Self defense is not a valid defense to the crime of prohibited use of weapons. People v. Beckett, 782 P.2d 812 (Colo. App. 1989), aff’d, 800 P.2d 74 (Colo. 1990).

Applied in People v. McPherson, 200 Colo. 429, 619 P.2d 38 (1980).

18-12-108 [part]

Affirmative defense under section 13, art. II, Colo. Const. A defendant charged under this section who presents competent evidence showing that his purpose in possessing weapons was the defense of his home, person, and property as recognized by section 13 of art. II, Colo. Const., thereby raises an affirmative defense. People v.
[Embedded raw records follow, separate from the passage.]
section \<open>The latent space model\<close>

text \<open>The product lemmas for \<open>PiM\<close> need every factor to be a probability space, so the
  standard deviation is replaced by 1 wherever it is not positive; for positive \<open>\<sigma>\<close> these are
  the factors of \<open>latent_measure\<close>.\<close>

definition latent_factor :: "(nat \<Rightarrow> real) \<Rightarrow> nat \<times> nat \<times> nat \<Rightarrow> real measure" where
  "latent_factor \<sigma> p =
     density lborel (normal_density 0 (if 0 < \<sigma> (fst (snd p)) then \<sigma> (fst (snd p)) else 1))"

lemma prob_space_latent_factor: "prob_space (latent_factor \<sigma> p)"
  unfolding latent_factor_def by (rule prob_space_normal_density) simp

lemma sets_latent_factor [measurable_cong, simp]: "sets (latent_factor \<sigma> p) = sets borel"
  by (simp add: latent_factor_def)

lemma latent_factor_eq: "0 < \<sigma> k \<Longrightarrow> latent_factor \<sigma> (i, k, c) = density lborel (normal_density 0 (\<sigma> k))"
  by (simp add: latent_factor_def)

lemma latent_measure_eq_PiM:
  assumes "\<forall>k\<in>{1..K}. 0 < \<sigma> k"
  shows "latent_measure N K d \<sigma> = PiM ({1..N} \<times> {1..K} \<times> {1..d}) (latent_factor \<sigma>)"
  unfolding latent_measure_def using assms by (intro PiM_cong) (auto simp: latent_factor_eq)

lemma prob_space_latent_measure:
  "\<forall>k\<in>{1..K}. 0 < \<sigma> k \<Longrightarrow> prob_space (latent_measure N K d \<sigma>)"
  by (simp add: latent_measure_eq_PiM prob_space_PiM prob_space_latent_factor)

lemma latent_sqdist_commute: "latent_sqdist d z k i j = latent_sqdist d z k j i"
  by (simp add: latent_sqdist_def power2_commute)

lemma latent_sqdist_nonneg: "0 \<le> latent_sqdist d z k i j"
  by (simp add: latent_sqdist_def sum_nonneg)

lemma measurable_latent_sqdist [measurable]:
  assumes "i \<in> {1..N}" and "j \<in> {1..N}" and "k \<in> {1..K}"
  shows "(\<lambda>z. latent_sqdist d z k i j) \<in> borel_measurable (PiM ({1..N} \<times> {1..K} \<times> {1..d}) (latent_factor \<sigma>))"
  unfolding latent_sqdist_def
proof (intro borel_measurable_sum)
  fix c assume "c \<in> {1..d}"
  then have "(i, k, c) \<in> {1..N} \<times> {1..K} \<times> {1..d}" and "(j, k, c) \<in> {1..N} \<times> {1..K} \<times> {1..d}"
    using assms by auto
  then show "(\<lambda>z. (z (i, k, c) - z (j, k, c))\<^sup>2) \<in> borel_measurable (PiM ({1..N} \<times> {1..K} \<times> {1..d}) (latent_factor \<sigma>))"
    by measurable
qed

lemma integral_latent_neighbours:
  assumes "0 \<le> g" and "0 < \<sigma> k" and "finite T"
    and "{i} \<times> {k} \<times> {1..d} \<subseteq> R" and "R \<inter> T \<times> {k} \<times> {1..d} = {}"
  shows "(\<integral>y. (\<Prod>t\<in>T. exp (- g * latent_sqdist d (merge R (T \<times> {k} \<times> {1..d}) (x, y)) k i t))
      \<partial>PiM (T \<times> {k} \<times> {1..d}) (latent_factor \<sigma>))
    = (\<Prod>c\<in>{1..d}. gaussian_smoothing g (\<sigma> k) (x (i, k, c))) ^ card T"
proof -
  let ?B = "T \<times> {k} \<times> {1..d}"
  let ?h = "\<lambda>p v. exp (- g * (x (i, k, snd (snd p)) - v)\<^sup>2)"
  have "(\<Prod>t\<in>T. exp (- g * latent_sqdist d (merge R ?B (x, y)) k i t)) = (\<Prod>p\<in>?B. ?h p (y p))" for y
  proof -
    have "merge R ?B (x, y) (i, k, c) = x (i, k, c)" "merge R ?B (x, y) (t, k, c) = y (t, k, c)"
      if "c \<in> {1..d}" "t \<in> T" for c t
    proof -
      have "(i, k, c) \<in> R" "(t, k, c) \<in> ?B" using that assms(4) by auto
      then show "merge R ?B (x, y) (i, k, c) = x (i, k, c)" "merge R ?B (x, y) (t, k, c) = y (t, k, c)"
        using assms(5) by (auto simp: merge_def)
    qed
    then show ?thesis
      by (simp add: latent_sqdist_def sum_distrib_left exp_sum prod_Times_singleton_Times)
  qed
  then have "(\<integral>y. (\<Prod>t\<in>T. exp (- g * latent_sqdist d (merge R ?B (x, y)) k i t)) \<partial>PiM ?B (latent_factor \<sigma>))
      = (\<integral>y. (\<Prod>p\<in>?B. ?h p (y p)) \<partial>PiM ?B (latent_factor \<sigma>))"
    by simp
  also have "\<dots> = (\<Prod>p\<in>?B. integral\<^sup>L (latent_factor \<sigma> p) (?h p))"
    using \<open>finite T\<close> \<open>0 \<le> g\<close>
    by (intro integral_PiM_prod_subset prob_space_latent_factor finite_measure.integrable_const_bound[where B=1]
        prob_space.finite_measure) auto
  also have "\<dots> = (\<Prod>t\<in>T. \<Prod>c\<in>{1..d}. gaussian_smoothing g (\<sigma> k) (x (i, k, c)))"
    using integral_normal_gaussian_kernel[OF \<open>0 \<le> g\<close> \<open>0 < \<sigma> k\<close>] \<open>0 < \<sigma> k\<close>
    by (simp add: prod_Times_singleton_Times latent_factor_eq)
  finally show ?thesis by simp
qed
lemma gen_basis_in_tensor_space:
  assumes w: "w \<in> W" and j: "j < d"
  shows "gen_basis Q q j w \<in> tensor_space n d"
proof (cases "j = 0")
  case True
  obtain a zs where "w = a # zs"
    using w d_pos by (cases w) (auto simp: words_def)
  moreover have "- a # zs \<in> W"
    using w calculation by (simp add: words_def)
  ultimately show ?thesis
    using True w
    by (auto simp: gen_basis_0 tensor_space_add tensor_space_smul delta_in_tensor_space)
next
  case False
  then have "j - 1 + 2 \<le> length w"
    using w j by (simp add: words_def)
  then obtain xs a b zs where "w = xs @ a # b # zs" and "length xs = j - 1"
    by (rule split_word2)
  moreover have "xs @ b # a # zs \<in> W"
    using w calculation(1) by (auto simp: words_def)
  ultimately show ?thesis
    using False w
    by (auto simp: gen_basis_swap tensor_space_add tensor_space_smul delta_in_tensor_space)
qed

lemma gen_act_in_tensor_space: "j < d \<Longrightarrow> gen_act n d Q q j v \<in> tensor_space n d"
  using gen_basis_in_tensor_space by (simp add: gen_act_def tensor_space_def)

lemma apply_prod_gen_linop:
  assumes "v \<in> tensor_space n d" and "set js \<subseteq> {..<d}"
  shows "apply_linop (prod_list (map gen_linop js)) v = word_act n d Q q js v"
  using assms
proof (induction js arbitrary: v)
  case Nil
  then show ?case by (simp add: apply_linop_one word_act_def)
next
  case (Cons j js)
  have "restrict_words v = v"
    using Cons.prems(1) by (auto simp: tensor_space_def restrict_words_def)
  then have "gen_fun j v = gen_act n d Q q j v"
    by (simp add: gen_fun_def)
  then show ?case
    using Cons.IH[of "gen_act n d Q q j v"] Cons.prems gen_act_in_tensor_space
    by (simp add: apply_linop_simps word_act_def)
qed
Ford, 193 Colo. 459, 568 P.2d 26 (1977).

Purpose in keeping weapons is question of fact which must be submitted to jury. The question of the defendant’s purpose in keeping the weapons in order to establish the affirmative defense based on his constitutional right to keep and bear arms under section 13 of art. II, Colo. Const. is one for the fact finder to determine at trial. People v. Ford, 193 Colo. 459, 568 P.2d 26 (1977).

But burden of proof is still on prosecution. After the defendant by competent evidence has raised the affirmative defense under section 13 of art. II, Colo. Const., the prosecution will still have the overall burden of proving its case. People v. Ford, 193 Colo. 459, 568 P.2d 26 (1977).

Trial court properly excluded affirmative defense based on section 13 of article II, Colo. Const., and a proposed jury instruction where the defendant’s offer of proof was insufficient to support the proposed affirmative defense. People v. Barger, 732 P.2d 1225 (Colo. App. 1986).

Trial court’s instruction to jury that second degree assault involved force or violence as a matter of law was proper for conviction under this statute notwithstanding fact that second degree assault could involve injury to another resulting from the administration of drug or other substance. People v. Allaire, 843 P.2d 38 (Colo. App. 1992).

Jury must find “knowing” possession to convict. To convict a previous offender of possessing a weapon, the jury must find, not mere possession, but that the defendant “knowingly” possessed the weapon and that he understood that the object possessed was a weapon. People v. Tenorio, 197 Colo. 137, 590 P.2d 952 (1979).

To convict under this section, the prosecution must prove that one of the defendant’s intended uses for the instrument was as a weapon. As so construed, the section is not overbroad. People v. Gross, 830 P.2d 933 (Colo. 1992).

This section is not void for vagueness in regard to the definitions of weapon cited therein. “Weapon” has a commonly understood meaning and the definition of “knife” cited in this section is sufficiently specific to give fair warning of the proscribed conduct. People v. Gross, 830 P.2d 933 (Colo. 1992).

Broad definition of “knife”, incorporated into this section by reference to § 18-12-101, is constitutional. Where defendant possessed a screwdriver with specific intent to use it as a weapon, elements of crime were present. But this section does not prohibit possession of such an instrument for an innocent purpose, so prohibition is neither unconstitutionally vague nor overbroad. People v. Gross, 830 P.2d 933 (Colo. 1992).